» Brief: For this exercise, repeat the listing below from its first line through the line containing "proof (rule is_sg_subI[OF", exactly as written.

» Provided records:
● ● ● ● ●

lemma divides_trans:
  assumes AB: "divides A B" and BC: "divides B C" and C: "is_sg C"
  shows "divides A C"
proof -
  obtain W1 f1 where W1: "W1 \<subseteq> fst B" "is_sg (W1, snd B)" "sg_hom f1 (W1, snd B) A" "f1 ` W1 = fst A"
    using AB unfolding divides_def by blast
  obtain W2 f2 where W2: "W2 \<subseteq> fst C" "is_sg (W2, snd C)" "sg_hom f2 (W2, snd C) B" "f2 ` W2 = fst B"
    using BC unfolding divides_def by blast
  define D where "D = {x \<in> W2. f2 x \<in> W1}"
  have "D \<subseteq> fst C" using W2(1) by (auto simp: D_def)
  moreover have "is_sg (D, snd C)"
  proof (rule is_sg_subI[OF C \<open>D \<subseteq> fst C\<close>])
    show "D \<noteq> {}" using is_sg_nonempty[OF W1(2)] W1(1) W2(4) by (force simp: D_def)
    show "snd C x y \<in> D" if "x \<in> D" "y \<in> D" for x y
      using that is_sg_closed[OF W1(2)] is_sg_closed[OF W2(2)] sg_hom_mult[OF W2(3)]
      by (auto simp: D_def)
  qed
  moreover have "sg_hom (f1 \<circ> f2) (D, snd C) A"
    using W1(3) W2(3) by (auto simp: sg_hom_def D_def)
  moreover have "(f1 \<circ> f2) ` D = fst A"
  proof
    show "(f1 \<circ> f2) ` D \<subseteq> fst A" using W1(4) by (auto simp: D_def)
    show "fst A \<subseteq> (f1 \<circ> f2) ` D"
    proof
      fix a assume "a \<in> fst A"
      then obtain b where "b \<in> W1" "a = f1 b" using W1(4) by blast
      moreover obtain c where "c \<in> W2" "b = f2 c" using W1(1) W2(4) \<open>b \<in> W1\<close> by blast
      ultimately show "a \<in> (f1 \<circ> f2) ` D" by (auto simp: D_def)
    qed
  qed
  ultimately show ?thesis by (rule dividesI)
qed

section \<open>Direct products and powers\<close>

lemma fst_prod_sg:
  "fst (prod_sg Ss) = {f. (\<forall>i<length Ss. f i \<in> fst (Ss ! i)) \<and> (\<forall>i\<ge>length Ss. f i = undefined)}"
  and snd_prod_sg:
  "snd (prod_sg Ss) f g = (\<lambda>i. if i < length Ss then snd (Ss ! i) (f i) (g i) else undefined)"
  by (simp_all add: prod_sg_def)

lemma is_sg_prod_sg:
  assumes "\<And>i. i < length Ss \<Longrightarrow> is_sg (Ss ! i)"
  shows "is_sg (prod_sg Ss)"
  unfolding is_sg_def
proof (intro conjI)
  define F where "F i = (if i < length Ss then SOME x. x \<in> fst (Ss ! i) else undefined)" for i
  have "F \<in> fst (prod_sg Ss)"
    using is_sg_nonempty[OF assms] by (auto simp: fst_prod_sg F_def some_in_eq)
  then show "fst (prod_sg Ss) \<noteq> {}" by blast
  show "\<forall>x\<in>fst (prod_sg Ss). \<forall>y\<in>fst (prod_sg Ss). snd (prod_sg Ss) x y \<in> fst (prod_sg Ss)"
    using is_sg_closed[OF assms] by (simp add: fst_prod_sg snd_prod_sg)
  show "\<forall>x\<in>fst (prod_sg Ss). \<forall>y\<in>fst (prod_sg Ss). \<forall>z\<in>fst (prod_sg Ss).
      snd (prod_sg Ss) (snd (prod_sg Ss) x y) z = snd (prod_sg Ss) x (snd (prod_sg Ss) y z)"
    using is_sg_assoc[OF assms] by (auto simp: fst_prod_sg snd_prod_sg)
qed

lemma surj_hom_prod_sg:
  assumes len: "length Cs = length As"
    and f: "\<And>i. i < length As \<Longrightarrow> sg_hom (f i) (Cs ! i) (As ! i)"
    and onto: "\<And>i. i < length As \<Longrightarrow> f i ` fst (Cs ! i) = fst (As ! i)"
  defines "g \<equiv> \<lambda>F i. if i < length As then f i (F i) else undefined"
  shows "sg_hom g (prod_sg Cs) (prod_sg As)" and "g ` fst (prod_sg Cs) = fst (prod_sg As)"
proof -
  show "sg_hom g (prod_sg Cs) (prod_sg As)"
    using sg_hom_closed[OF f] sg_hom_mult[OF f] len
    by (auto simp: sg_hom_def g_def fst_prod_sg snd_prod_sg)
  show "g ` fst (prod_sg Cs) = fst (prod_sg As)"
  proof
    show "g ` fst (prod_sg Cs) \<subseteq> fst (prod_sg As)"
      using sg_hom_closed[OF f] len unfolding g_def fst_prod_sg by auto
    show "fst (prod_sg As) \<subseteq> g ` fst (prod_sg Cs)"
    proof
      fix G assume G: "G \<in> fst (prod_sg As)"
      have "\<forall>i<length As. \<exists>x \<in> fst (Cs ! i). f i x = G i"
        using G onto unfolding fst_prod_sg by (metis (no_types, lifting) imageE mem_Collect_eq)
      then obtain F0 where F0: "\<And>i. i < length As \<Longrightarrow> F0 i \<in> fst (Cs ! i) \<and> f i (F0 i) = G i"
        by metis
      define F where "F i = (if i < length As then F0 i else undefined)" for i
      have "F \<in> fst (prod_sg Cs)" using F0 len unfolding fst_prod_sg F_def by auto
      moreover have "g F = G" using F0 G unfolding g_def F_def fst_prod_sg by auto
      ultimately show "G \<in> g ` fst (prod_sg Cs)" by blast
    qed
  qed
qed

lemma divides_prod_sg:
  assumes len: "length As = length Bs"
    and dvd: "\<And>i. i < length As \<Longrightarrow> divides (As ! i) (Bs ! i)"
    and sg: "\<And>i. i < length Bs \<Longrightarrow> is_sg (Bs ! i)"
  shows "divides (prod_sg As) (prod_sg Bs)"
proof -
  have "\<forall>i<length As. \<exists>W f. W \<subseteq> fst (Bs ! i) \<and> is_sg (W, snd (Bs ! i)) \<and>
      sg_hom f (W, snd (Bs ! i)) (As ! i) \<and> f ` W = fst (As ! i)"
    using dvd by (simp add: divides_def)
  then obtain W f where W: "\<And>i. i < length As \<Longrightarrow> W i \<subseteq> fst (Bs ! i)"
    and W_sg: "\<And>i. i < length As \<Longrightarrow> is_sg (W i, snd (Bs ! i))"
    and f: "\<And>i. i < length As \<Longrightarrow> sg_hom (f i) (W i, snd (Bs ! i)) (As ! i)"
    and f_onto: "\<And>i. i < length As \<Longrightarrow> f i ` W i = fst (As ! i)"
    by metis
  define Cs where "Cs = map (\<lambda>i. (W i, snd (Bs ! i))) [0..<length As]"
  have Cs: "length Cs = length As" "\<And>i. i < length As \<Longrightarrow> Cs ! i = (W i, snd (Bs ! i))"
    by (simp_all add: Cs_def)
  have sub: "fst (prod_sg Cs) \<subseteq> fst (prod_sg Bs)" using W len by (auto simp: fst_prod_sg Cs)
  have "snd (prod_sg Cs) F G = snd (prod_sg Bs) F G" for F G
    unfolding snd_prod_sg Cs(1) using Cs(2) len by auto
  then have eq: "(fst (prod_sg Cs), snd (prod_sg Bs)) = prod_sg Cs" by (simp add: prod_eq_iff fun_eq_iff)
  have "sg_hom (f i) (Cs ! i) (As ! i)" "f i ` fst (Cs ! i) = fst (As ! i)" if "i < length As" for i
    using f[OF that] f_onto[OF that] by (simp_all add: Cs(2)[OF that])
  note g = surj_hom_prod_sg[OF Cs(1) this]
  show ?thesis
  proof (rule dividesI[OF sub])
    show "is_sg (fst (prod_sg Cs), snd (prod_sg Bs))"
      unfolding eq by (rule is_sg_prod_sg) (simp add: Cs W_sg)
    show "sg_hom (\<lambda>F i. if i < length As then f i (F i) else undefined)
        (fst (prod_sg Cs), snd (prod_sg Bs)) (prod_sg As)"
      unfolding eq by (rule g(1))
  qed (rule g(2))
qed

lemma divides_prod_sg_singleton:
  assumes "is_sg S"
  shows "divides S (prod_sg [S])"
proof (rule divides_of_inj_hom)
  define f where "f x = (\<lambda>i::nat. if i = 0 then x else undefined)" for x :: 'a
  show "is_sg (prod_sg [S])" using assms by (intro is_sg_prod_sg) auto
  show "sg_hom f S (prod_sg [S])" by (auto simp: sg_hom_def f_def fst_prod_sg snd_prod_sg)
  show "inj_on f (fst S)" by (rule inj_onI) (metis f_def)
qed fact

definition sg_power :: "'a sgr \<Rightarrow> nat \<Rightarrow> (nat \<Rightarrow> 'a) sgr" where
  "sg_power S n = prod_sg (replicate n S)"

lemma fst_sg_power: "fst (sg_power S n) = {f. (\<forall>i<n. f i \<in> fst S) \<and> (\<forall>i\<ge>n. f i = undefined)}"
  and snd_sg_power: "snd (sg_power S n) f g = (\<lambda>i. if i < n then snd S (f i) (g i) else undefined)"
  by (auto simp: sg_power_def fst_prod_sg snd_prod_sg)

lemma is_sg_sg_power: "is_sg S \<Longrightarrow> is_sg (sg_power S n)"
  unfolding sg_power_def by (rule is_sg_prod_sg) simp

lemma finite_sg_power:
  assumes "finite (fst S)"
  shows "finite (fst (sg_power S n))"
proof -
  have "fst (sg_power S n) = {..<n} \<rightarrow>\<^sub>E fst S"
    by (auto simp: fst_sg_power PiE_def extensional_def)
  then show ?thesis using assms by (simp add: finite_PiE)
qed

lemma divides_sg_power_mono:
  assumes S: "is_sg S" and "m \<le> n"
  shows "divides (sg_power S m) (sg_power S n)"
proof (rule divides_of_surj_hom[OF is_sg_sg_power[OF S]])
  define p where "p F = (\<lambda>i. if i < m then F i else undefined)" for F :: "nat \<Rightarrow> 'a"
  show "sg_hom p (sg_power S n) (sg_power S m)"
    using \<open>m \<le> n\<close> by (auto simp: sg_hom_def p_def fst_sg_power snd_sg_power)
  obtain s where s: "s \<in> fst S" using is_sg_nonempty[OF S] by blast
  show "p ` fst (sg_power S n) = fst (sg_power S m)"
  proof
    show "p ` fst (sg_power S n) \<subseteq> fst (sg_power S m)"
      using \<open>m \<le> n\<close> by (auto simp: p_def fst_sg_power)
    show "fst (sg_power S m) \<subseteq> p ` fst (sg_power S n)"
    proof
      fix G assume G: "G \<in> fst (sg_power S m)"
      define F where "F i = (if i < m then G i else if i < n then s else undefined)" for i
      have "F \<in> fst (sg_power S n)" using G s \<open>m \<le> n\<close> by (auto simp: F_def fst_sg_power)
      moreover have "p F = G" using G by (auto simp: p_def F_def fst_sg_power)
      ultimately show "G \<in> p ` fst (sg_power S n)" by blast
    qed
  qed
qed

● ● ● ● ●

» Exercise solution:
lemma divides_trans:
  assumes AB: "divides A B" and BC: "divides B C" and C: "is_sg C"
  shows "divides A C"
proof -
  obtain W1 f1 where W1: "W1 \<subseteq> fst B" "is_sg (W1, snd B)" "sg_hom f1 (W1, snd B) A" "f1 ` W1 = fst A"
    using AB unfolding divides_def by blast
  obtain W2 f2 where W2: "W2 \<subseteq> fst C" "is_sg (W2, snd C)" "sg_hom f2 (W2, snd C) B" "f2 ` W2 = fst B"
    using BC unfolding divides_def by blast
  define D where "D = {x \<in> W2. f2 x \<in> W1}"
  have "D \<subseteq> fst C" using W2(1) by (auto simp: D_def)
  moreover have "is_sg (D, snd C)"
  proof (rule is_sg_subI[OF C \<open>D \<subseteq> fst C\<close>])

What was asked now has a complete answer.